* [Exercise goal]: Of the entries below, return only those lines from the line with "so C^(N-m+1) e_m" to the line with "X (\<lambda>l. v", exactly, both included.

* [Extracted information]:
(* Under the hypotheses and notation of the setting below, the constant \[K=\prod_{j=1}^N\Big(\frac{au_j+b}{eu_j+f}\Big)^j\,\mathrm{Tr}\big[Q\,\mathcal{A}_N^{M-N}\mathcal{C}_N^{(N)}\cdots\mathcal{C}_N^{(1)}\big]\] equals \[K=\prod_{j=1}^N\frac{(1-t)cu_j(au_j+b)^M}{eu_j+f}\prod_{1\le j<k\le N}\frac{tu_j-u_k}{u_j-u_k}.\]
   Context: Fix complex parameters $t,a,b,c,d,e,f$, all nonzero, with $t\neq1$, satisfying $cd+af=0$ and $tcd+be=0$; let $1\le N\le M$ and let $u_1,\dots,u_N$ be pairwise distinct with $au_j+b\neq0$, $eu_j+f\neq0$, $tu_j\neq u_k$ ($j\neq k$). $X\otimes Y$ denotes the Kronecker product $(X_{ik}Y)_{i,k}$. The $2^n\times2^n$ matrices $\mathcal{A}_n,\mathcal{C}_n$ are defined by $\mathcal{A}_1=\mathrm{diag}(au_1+b,eu_1+f)$, $\mathcal{C}_1=\begin{pmatrix}0&(1-t)cu_1\\0&0\end{pmatrix}$, $\mathcal{A}_{n+1}=\mathrm{diag}(au_{n+1}+b,eu_{n+1}+f)\otimes\mathcal{A}_n+\begin{pmatrix}0&0\\(1-t)d&0\end{pmatrix}\otimes\mathcal{C}_n$, $\mathcal{C}_{n+1}=\begin{pmatrix}0&(1-t)cu_{n+1}\\0&0\end{pmatrix}\otimes\mathcal{A}_n+\mathrm{diag}(atu_{n+1}+b,eu_{n+1}+tf)\otimes\mathcal{C}_n$. The matrices $\mathcal{C}_N^{(1)},\dots,\mathcal{C}_N^{(N)}$ are any matrices with $\sum_j\mathcal{C}_N^{(j)}=\mathcal{C}_N$ such that for all $j$ and $k\neq j$: $\mathcal{C}_N^{(j)}\mathcal{A}_N=\frac{eu_j+f}{au_j+b}\mathcal{A}_N\mathcal{C}_N^{(j)}$, $(\mathcal{C}_N^{(j)})^2=0$, $\mathcal{C}_N^{(j)}\mathcal{C}_N^{(k)}=\frac{(eu_j+f)(au_k+b)(u_j-tu_k)}{(au_j+b)(eu_k+f)(tu_j-u_k)}\mathcal{C}_N^{(k)}\mathcal{C}_N^{(j)}$. Rows/columns of $2^N\times2^N$ matrices are indexed by $\{0,1\}^N$ consistent with the Kronecker structure; $Q$ is the matrix with single entry $1$ at row $(1,\dots,1)$, column $(0,\dots,0)$. *)

theory Defs
  imports Complex_Main "Jordan_Normal_Form.Matrix"
begin

text \<open>Kronecker product: (X \<otimes> Y) has entries X_(i,k) * Y, the first factor indexing
  the most significant block.\<close>
definition kron :: "complex mat \<Rightarrow> complex mat \<Rightarrow> complex mat" where
  "kron X Y = mat (dim_row X * dim_row Y) (dim_col X * dim_col Y)
     (\<lambda>(i, j). X $$ (i div dim_row Y, j div dim_col Y) * Y $$ (i mod dim_row Y, j mod dim_col Y))"

definition m2 :: "complex \<Rightarrow> complex \<Rightarrow> complex \<Rightarrow> complex \<Rightarrow> complex mat" where
  "m2 p q r s = mat_of_rows_list 2 [[p, q], [r, s]]"

text \<open>The pair (A_n, C_n); parameters t a b c d e f and spectral parameters u_1, u_2, ...
  The case n = 0 is a dummy value and never used (N \<ge> 1).\<close>
fun ACmat :: "complex \<Rightarrow> complex \<Rightarrow> complex \<Rightarrow> complex \<Rightarrow> complex \<Rightarrow> complex \<Rightarrow> complex
    \<Rightarrow> (nat \<Rightarrow> complex) \<Rightarrow> nat \<Rightarrow> complex mat \<times> complex mat" where
  "ACmat t a b c d e f u 0 = (1\<^sub>m 1, 0\<^sub>m 1 1)"
| "ACmat t a b c d e f u (Suc 0) =
     (m2 (a * u 1 + b) 0 0 (e * u 1 + f), m2 0 ((1 - t) * c * u 1) 0 0)"
| "ACmat t a b c d e f u (Suc (Suc n)) =
     (let A = fst (ACmat t a b c d e f u (Suc n)); C = snd (ACmat t a b c d e f u (Suc n)) in
      (kron (m2 (a * u (Suc (Suc n)) + b) 0 0 (e * u (Suc (Suc n)) + f)) A
         + kron (m2 0 0 ((1 - t) * d) 0) C,
       kron (m2 0 ((1 - t) * c * u (Suc (Suc n))) 0 0) A
         + kron (m2 (a * t * u (Suc (Suc n)) + b) 0 0 (e * u (Suc (Suc n)) + t * f)) C))"

definition Amat where "Amat t a b c d e f u n = fst (ACmat t a b c d e f u n)"
definition Cmat where "Cmat t a b c d e f u n = snd (ACmat t a b c d e f u n)"

fun msum :: "nat \<Rightarrow> (nat \<Rightarrow> complex mat) \<Rightarrow> nat \<Rightarrow> complex mat" where
  "msum dm Cs 0 = 0\<^sub>m dm dm"
| "msum dm Cs (Suc n) = msum dm Cs n + Cs (Suc n)"

fun mprodrev :: "nat \<Rightarrow> (nat \<Rightarrow> complex mat) \<Rightarrow> nat \<Rightarrow> complex mat" where
  "mprodrev dm Cs 0 = 1\<^sub>m dm"
| "mprodrev dm Cs (Suc n) = Cs (Suc n) * mprodrev dm Cs n"

definition mtrace :: "complex mat \<Rightarrow> complex" where
  "mtrace X = (\<Sum>i<dim_row X. X $$ (i, i))"

text \<open>Q: single entry 1 at row (1,...,1) = 2^N - 1 and column (0,...,0) = 0.\<close>
definition Qmat :: "nat \<Rightarrow> complex mat" where
  "Qmat N = mat (2 ^ N) (2 ^ N) (\<lambda>(i, j). if i = 2 ^ N - 1 \<and> j = 0 then 1 else 0)"

end

theory Submission imports Defs begin

text \<open>
  The matrix A_N is block lower triangular, and the basis vector e_m with the m highest of the N
  sites occupied is an eigenvector of it. C_N e_m splits into A_N-eigenvectors, one for each
  occupied site j, with eigenvalues proportional to (a u_j + b)/(e u_j + f); by the two relations
  among the parameters these ratios are pairwise distinct. Since C^(j) multiplies A_N-eigenvalues by
  exactly that ratio, the splitting C_N = C^(1) + ... + C^(N) applied to e_m is the eigen-splitting,
  so C^(N-m+1) e_m is an explicit multiple of e_(m-1). Hence C^(N) ... C^(1) maps the fully occupied
  vector to a multiple of the empty one; Q picks out this entry, A_N^(M-N) contributes its eigenvalue
  (a u_1 + b)^(M-N) ... (a u_N + b)^(M-N), and the multiples telescope to the stated product.\<close>

section \<open>Matrices acting on coordinate functions\<close>

text \<open>Vectors are modelled as functions \<open>nat \<Rightarrow> complex\<close>, so that a block of a vector is just the
  shifted function \<open>\<lambda>l. v (D + l)\<close>.\<close>
definition mat_act :: "complex mat \<Rightarrow> (nat \<Rightarrow> complex) \<Rightarrow> nat \<Rightarrow> complex" where
  "mat_act X v i = (\<Sum>l<dim_col X. X $$ (i, l) * v l)"

definition unit_fun :: "nat \<Rightarrow> nat \<Rightarrow> complex" where
  "unit_fun k i = (if i = k then 1 else 0)"

lemma mat_act_cong: "(\<And>l. l < dim_col X \<Longrightarrow> v l = w l) \<Longrightarrow> mat_act X v i = mat_act X w i"
  unfolding mat_act_def by (rule sum.cong) auto

lemma mat_act_vanishing: "(\<And>l. l < dim_col X \<Longrightarrow> v l = 0) \<Longrightarrow> mat_act X v i = 0"
  unfolding mat_act_def by simp

lemma mat_act_zero: "mat_act X (\<lambda>l. 0) i = 0"
  by (rule mat_act_vanishing) simp

lemma mat_act_scale: "mat_act X (\<lambda>l. k * v l) i = k * mat_act X v i"
  unfolding mat_act_def by (simp add: sum_distrib_left algebra_simps)

lemma mat_act_diff: "mat_act X (\<lambda>l. v l - w l) i = mat_act X v i - mat_act X w i"
  unfolding mat_act_def by (simp add: sum_subtractf algebra_simps)

lemma mat_act_sum: "mat_act X (\<lambda>l. \<Sum>j\<in>J. g j l) i = (\<Sum>j\<in>J. mat_act X (g j) i)"
  unfolding mat_act_def by (simp add: sum_distrib_left sum.swap[of _ J])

* [Response]:
  so C^(N-m+1) e_m is an explicit multiple of e_(m-1). Hence C^(N) ... C^(1) maps the fully occupied
  vector to a multiple of the empty one; Q picks out this entry, A_N^(M-N) contributes its eigenvalue
  (a u_1 + b)^(M-N) ... (a u_N + b)^(M-N), and the multiples telescope to the stated product.\<close>

section \<open>Matrices acting on coordinate functions\<close>

text \<open>Vectors are modelled as functions \<open>nat \<Rightarrow> complex\<close>, so that a block of a vector is just the
  shifted function \<open>\<lambda>l. v (D + l)\<close>.\<close>
definition mat_act :: "complex mat \<Rightarrow> (nat \<Rightarrow> complex) \<Rightarrow> nat \<Rightarrow> complex" where
  "mat_act X v i = (\<Sum>l<dim_col X. X $$ (i, l) * v l)"

definition unit_fun :: "nat \<Rightarrow> nat \<Rightarrow> complex" where
  "unit_fun k i = (if i = k then 1 else 0)"

lemma mat_act_cong: "(\<And>l. l < dim_col X \<Longrightarrow> v l = w l) \<Longrightarrow> mat_act X v i = mat_act X w i"
  unfolding mat_act_def by (rule sum.cong) auto

lemma mat_act_vanishing: "(\<And>l. l < dim_col X \<Longrightarrow> v l = 0) \<Longrightarrow> mat_act X v i = 0"
  unfolding mat_act_def by simp

lemma mat_act_zero: "mat_act X (\<lambda>l. 0) i = 0"
  by (rule mat_act_vanishing) simp

lemma mat_act_scale: "mat_act X (\<lambda>l. k * v l) i = k * mat_act X v i"
  unfolding mat_act_def by (simp add: sum_distrib_left algebra_simps)

lemma mat_act_diff: "mat_act X (\<lambda>l. v l - w l) i = mat_act X v i - mat_act X w i"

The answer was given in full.